Raw data:
lemma M_less:
  assumes "4 \<le> n"
  shows "M n < (real n + 1) / 2"
proof -
  have "av1 {0..<n} E < (real n + 1) / 2" if "is_tree {0..<n} E" for E
    using av1_less_connected[of "{0..<n}" E] that assms unfolding is_tree_def by simp
  then show ?thesis
    unfolding M_def using finite_trees is_tree_R_edges[OF assms] by (subst Max_less_iff) auto
qed

theorem mainTheorem13:
  shows "(\<forall>n::nat. n > 8 \<longrightarrow>
            (\<exists>\<delta>::real. M n = real n / 2 + \<delta> \<and> 0 < \<delta> \<and> \<delta> < 1/2))
       \<and> (\<lambda>n. M n - (real n + 1) / 2) \<longlonglongrightarrow> 0
       \<and> (\<forall>n::nat. n > 8 \<longrightarrow>
            is_tree {0..<n} (R_edges n)
            \<and> real n / 2 < av1 {0..<n} (R_edges n)
            \<and> av1 {0..<n} (R_edges n) < (real n + 1) / 2)
       \<and> (\<lambda>n. av1 {0..<n} (R_edges n) - (real n + 1) / 2) \<longlonglongrightarrow> 0"
proof (intro conjI allI impI)
  fix n :: nat assume "n > 8"
  then have "4 \<le> n" by simp
  have "real n / 2 < M n" using av1_R_edges_gt_half[OF \<open>n > 8\<close>] av1_R_edges_le_M[OF \<open>4 \<le> n\<close>] by simp
  then show "\<exists>\<delta>::real. M n = real n / 2 + \<delta> \<and> 0 < \<delta> \<and> \<delta> < 1/2"
    using M_less[OF \<open>4 \<le> n\<close>] by (intro exI[of _ "M n - real n / 2"]) (simp add: field_simps)
  show "is_tree {0..<n} (R_edges n)" by (rule is_tree_R_edges[OF \<open>4 \<le> n\<close>])
  show "real n / 2 < av1 {0..<n} (R_edges n)" by (rule av1_R_edges_gt_half[OF \<open>n > 8\<close>])
  show "av1 {0..<n} (R_edges n) < (real n + 1) / 2"
    using av1_R_edges_le_M[OF \<open>4 \<le> n\<close>] M_less[OF \<open>4 \<le> n\<close>] by simp
next
  show "(\<lambda>n. M n - (real n + 1) / 2) \<longlonglongrightarrow> 0"
  proof (rule tendsto_sandwich[OF _ _ av1_R_edges_deviation_tendsto_zero tendsto_const])
    show "\<forall>\<^sub>F n in sequentially. av1 {0..<n} (R_edges n) - (real n + 1) / 2 \<le> M n - (real n + 1) / 2"
      using eventually_ge_at_top[of 4] by eventually_elim (simp add: av1_R_edges_le_M)
    show "\<forall>\<^sub>F n in sequentially. M n - (real n + 1) / 2 \<le> 0"
      using eventually_ge_at_top[of 4] by eventually_elim (use M_less in fastforce)
  qed
qed (rule av1_R_edges_deviation_tendsto_zero)

end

Your task:
The answer should hold exactly the lines running from the one with "av1_R_edges_le_M[OF \<open>4 \<le> n\<close>] by simp" to the final line of the data, both ends counted.

Answer for the task:
  have "real n / 2 < M n" using av1_R_edges_gt_half[OF \<open>n > 8\<close>] av1_R_edges_le_M[OF \<open>4 \<le> n\<close>] by simp
  then show "\<exists>\<delta>::real. M n = real n / 2 + \<delta> \<and> 0 < \<delta> \<and> \<delta> < 1/2"
    using M_less[OF \<open>4 \<le> n\<close>] by (intro exI[of _ "M n - real n / 2"]) (simp add: field_simps)
  show "is_tree {0..<n} (R_edges n)" by (rule is_tree_R_edges[OF \<open>4 \<le> n\<close>])
  show "real n / 2 < av1 {0..<n} (R_edges n)" by (rule av1_R_edges_gt_half[OF \<open>n > 8\<close>])
  show "av1 {0..<n} (R_edges n) < (real n + 1) / 2"
    using av1_R_edges_le_M[OF \<open>4 \<le> n\<close>] M_less[OF \<open>4 \<le> n\<close>] by simp
next
  show "(\<lambda>n. M n - (real n + 1) / 2) \<longlonglongrightarrow> 0"
  proof (rule tendsto_sandwich[OF _ _ av1_R_edges_deviation_tendsto_zero tendsto_const])
    show "\<forall>\<^sub>F n in sequentially. av1 {0..<n} (R_edges n) - (real n + 1) / 2 \<le> M n - (real n + 1) / 2"
      using eventually_ge_at_top[of 4] by eventually_elim (simp add: av1_R_edges_le_M)
    show "\<forall>\<^sub>F n in sequentially. M n - (real n + 1) / 2 \<le> 0"
      using eventually_ge_at_top[of 4] by eventually_elim (use M_less in fastforce)
  qed
qed (rule av1_R_edges_deviation_tendsto_zero)

end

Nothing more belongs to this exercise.